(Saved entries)
****************************************

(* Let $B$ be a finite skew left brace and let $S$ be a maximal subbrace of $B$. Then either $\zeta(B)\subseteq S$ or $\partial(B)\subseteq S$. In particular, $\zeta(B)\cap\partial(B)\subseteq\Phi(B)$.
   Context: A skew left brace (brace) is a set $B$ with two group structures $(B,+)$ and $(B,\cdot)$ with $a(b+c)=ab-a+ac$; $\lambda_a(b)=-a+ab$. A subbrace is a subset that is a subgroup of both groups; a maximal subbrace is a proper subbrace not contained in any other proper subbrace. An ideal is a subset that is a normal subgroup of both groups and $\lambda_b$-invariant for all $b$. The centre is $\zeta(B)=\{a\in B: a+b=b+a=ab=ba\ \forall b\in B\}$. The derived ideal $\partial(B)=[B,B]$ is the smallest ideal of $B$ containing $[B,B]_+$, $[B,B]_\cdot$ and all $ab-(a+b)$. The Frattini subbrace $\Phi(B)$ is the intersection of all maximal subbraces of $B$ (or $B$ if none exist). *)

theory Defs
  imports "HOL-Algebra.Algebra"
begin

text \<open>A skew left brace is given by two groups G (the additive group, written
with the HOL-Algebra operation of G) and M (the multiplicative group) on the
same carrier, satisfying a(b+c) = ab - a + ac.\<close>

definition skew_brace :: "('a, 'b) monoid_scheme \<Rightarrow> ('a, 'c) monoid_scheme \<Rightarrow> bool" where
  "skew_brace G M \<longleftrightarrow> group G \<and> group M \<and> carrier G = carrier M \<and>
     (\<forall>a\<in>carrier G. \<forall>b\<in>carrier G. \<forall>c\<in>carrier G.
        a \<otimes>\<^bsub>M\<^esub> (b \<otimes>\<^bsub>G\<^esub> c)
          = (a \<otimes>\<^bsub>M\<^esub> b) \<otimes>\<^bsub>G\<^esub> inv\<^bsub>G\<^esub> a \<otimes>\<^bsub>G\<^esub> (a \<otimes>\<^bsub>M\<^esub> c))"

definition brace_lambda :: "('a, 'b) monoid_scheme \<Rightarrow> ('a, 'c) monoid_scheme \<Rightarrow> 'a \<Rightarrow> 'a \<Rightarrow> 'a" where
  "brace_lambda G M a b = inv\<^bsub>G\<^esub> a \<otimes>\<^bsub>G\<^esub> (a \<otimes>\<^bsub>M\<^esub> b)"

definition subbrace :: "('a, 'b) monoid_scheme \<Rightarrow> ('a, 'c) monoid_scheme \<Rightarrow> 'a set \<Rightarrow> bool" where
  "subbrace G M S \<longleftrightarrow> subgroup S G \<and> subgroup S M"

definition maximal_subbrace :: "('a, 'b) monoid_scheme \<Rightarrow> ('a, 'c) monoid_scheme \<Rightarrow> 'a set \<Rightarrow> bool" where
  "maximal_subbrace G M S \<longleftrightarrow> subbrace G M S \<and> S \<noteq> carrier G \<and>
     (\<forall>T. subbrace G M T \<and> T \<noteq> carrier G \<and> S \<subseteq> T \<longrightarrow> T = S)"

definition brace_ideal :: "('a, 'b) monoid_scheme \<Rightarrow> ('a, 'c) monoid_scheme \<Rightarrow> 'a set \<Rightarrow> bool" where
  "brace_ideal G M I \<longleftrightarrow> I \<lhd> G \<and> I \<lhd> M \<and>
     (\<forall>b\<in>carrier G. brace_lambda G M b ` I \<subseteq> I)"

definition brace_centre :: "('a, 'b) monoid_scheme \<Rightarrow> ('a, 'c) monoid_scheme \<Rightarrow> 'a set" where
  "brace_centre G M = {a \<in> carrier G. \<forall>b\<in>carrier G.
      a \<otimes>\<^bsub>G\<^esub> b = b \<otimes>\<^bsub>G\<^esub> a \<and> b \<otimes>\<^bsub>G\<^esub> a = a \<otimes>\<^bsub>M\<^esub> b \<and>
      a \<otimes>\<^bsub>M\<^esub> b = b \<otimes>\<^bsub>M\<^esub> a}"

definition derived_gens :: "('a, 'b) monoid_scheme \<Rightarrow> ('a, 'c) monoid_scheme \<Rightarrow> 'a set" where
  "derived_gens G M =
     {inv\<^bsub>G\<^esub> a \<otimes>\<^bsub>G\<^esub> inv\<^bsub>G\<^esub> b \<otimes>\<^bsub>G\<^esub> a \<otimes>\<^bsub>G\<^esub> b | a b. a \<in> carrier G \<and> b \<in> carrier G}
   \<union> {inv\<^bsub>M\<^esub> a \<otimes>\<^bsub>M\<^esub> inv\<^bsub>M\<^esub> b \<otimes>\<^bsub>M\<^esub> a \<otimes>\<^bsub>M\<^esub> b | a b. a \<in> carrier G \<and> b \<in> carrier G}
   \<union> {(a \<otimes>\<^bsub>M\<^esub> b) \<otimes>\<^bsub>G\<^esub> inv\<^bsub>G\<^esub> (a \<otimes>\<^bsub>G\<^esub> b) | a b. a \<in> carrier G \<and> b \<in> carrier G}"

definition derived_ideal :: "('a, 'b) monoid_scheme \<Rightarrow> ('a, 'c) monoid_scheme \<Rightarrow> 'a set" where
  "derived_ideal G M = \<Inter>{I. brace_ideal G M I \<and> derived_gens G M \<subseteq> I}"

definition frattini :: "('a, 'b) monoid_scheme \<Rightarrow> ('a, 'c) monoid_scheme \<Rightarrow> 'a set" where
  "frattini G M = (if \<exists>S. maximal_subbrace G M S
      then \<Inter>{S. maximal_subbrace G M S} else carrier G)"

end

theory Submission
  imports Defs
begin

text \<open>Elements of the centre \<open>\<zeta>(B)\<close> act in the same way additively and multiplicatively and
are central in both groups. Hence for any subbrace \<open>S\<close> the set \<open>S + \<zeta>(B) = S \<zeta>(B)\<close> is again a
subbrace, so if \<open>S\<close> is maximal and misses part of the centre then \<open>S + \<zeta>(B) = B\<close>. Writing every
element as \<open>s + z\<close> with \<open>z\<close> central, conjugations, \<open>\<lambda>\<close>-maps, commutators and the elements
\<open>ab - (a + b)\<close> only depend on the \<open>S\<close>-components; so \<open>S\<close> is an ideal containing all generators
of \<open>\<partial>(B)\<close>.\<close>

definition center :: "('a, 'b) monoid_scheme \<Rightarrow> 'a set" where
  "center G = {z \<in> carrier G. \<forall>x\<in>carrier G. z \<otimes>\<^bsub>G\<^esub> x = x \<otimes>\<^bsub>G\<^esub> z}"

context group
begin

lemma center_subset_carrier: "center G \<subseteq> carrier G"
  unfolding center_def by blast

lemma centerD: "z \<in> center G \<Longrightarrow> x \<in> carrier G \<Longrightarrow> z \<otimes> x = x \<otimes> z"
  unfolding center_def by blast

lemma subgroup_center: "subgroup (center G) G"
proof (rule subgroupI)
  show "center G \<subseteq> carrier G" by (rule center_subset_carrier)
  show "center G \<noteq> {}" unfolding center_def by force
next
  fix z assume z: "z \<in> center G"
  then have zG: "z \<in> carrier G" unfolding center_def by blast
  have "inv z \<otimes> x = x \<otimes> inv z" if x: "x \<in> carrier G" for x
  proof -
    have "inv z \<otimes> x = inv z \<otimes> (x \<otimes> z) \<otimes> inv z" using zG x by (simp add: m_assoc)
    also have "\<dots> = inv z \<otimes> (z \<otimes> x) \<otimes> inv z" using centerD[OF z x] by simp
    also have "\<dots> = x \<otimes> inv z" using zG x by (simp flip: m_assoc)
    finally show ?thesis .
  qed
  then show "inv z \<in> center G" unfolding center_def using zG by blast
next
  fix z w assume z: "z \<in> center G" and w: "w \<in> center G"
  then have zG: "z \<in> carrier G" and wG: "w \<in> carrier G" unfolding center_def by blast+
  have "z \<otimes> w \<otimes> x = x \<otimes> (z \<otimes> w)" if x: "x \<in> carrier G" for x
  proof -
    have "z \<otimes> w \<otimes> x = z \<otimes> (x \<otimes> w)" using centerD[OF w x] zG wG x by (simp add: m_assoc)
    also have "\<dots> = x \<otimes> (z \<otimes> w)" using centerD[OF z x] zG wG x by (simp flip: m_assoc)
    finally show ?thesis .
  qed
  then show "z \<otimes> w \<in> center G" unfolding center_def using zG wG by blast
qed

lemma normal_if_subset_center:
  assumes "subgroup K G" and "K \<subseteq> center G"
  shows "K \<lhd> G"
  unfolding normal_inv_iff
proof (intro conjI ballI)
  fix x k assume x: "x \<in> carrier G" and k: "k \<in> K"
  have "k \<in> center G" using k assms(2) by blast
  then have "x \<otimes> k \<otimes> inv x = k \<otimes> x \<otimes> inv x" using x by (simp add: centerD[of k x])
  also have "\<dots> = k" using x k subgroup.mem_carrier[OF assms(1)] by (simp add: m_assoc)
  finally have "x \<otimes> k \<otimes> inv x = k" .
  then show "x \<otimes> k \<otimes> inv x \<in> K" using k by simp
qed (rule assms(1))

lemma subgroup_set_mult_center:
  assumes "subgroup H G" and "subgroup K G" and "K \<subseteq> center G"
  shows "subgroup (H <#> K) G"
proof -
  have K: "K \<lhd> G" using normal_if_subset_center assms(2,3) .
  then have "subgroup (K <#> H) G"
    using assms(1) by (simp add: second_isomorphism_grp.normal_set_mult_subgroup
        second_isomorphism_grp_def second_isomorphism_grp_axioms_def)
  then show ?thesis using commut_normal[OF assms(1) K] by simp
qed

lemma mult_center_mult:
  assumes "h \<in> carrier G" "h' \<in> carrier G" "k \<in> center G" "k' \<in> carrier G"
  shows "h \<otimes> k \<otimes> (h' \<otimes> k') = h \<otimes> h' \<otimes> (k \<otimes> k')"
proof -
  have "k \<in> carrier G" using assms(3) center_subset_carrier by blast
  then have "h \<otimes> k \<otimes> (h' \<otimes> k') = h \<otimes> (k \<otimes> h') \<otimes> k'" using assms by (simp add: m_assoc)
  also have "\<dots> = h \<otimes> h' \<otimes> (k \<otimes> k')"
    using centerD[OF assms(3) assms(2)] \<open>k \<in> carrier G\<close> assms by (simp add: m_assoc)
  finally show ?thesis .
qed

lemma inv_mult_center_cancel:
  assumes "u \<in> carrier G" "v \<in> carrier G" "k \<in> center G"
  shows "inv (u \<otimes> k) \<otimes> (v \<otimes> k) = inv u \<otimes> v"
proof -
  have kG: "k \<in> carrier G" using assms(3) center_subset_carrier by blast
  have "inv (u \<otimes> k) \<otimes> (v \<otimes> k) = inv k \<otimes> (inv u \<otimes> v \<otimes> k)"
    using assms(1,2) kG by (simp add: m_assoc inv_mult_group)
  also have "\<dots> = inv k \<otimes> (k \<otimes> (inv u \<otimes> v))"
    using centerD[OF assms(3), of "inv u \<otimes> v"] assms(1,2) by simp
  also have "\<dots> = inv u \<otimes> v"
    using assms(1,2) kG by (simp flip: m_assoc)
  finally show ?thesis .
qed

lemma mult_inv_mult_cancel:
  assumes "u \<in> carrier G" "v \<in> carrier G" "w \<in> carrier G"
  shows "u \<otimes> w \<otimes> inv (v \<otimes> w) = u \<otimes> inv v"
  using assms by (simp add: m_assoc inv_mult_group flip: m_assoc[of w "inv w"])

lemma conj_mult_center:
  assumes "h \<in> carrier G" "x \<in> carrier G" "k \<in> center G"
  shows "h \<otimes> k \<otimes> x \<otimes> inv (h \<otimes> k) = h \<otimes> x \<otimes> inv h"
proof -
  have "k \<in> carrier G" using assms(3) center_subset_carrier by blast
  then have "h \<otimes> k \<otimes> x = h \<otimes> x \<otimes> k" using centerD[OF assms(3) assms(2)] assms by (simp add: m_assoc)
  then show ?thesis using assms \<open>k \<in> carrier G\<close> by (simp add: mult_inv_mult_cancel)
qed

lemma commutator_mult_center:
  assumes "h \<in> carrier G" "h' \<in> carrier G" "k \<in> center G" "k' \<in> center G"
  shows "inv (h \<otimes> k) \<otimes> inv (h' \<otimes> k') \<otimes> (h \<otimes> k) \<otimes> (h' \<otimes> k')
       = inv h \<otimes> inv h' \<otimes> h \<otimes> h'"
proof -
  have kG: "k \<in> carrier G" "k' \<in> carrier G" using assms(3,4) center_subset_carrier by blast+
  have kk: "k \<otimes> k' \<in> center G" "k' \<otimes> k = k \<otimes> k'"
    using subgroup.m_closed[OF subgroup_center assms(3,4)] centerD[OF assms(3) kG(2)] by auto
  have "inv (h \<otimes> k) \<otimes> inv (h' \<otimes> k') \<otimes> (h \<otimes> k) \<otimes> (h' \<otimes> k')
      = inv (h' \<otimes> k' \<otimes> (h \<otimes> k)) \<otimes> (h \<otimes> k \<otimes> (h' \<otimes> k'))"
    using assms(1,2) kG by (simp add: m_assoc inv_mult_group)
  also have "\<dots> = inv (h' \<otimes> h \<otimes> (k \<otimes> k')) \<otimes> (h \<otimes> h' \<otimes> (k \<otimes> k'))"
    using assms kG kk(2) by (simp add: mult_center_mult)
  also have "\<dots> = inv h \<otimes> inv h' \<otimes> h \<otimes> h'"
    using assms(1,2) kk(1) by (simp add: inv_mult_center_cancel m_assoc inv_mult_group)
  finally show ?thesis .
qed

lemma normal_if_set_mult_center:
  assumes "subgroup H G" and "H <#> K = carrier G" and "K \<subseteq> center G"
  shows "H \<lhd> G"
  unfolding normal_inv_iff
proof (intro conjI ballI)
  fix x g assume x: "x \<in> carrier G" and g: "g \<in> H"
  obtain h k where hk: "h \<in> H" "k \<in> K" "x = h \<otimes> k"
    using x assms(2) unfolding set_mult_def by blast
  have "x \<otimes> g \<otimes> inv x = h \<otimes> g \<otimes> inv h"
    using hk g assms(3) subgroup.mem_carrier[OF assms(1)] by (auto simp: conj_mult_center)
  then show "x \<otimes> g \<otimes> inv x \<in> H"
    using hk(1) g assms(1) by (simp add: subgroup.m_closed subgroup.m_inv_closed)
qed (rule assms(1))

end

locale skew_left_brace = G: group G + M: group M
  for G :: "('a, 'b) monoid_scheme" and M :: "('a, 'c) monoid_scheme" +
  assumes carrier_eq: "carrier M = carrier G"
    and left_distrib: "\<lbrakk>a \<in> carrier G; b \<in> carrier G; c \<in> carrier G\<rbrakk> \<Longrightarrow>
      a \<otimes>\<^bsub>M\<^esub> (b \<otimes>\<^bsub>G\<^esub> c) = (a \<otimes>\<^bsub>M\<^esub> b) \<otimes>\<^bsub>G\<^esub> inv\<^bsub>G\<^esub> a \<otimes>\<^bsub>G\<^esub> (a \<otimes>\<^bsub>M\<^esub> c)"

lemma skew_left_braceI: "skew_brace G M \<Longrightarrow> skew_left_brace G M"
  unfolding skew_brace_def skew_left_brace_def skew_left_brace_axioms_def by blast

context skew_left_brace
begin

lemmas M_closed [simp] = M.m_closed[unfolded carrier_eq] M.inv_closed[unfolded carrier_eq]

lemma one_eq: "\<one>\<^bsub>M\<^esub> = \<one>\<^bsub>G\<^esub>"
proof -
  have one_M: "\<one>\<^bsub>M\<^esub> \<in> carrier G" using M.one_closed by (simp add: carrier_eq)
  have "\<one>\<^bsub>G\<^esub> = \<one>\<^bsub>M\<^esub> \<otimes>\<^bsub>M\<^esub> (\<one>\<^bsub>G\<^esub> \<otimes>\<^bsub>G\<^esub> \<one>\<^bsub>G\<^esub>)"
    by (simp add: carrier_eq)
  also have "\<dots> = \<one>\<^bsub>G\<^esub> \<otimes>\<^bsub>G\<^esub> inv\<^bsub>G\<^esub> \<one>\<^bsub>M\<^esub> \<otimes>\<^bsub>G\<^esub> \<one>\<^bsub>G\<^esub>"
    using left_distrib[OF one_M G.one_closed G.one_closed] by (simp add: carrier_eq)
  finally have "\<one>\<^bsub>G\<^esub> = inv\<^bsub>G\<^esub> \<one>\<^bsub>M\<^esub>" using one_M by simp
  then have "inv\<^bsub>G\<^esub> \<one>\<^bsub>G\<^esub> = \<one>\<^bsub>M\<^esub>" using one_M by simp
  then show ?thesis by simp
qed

****************************************

▶ **Directions for this task**
Every line in the entries above that has the word "Algebra" should be identified and copied.

▶ **Completed exercise**
  imports "HOL-Algebra.Algebra"
with the HOL-Algebra operation of G) and M (the multiplicative group) on the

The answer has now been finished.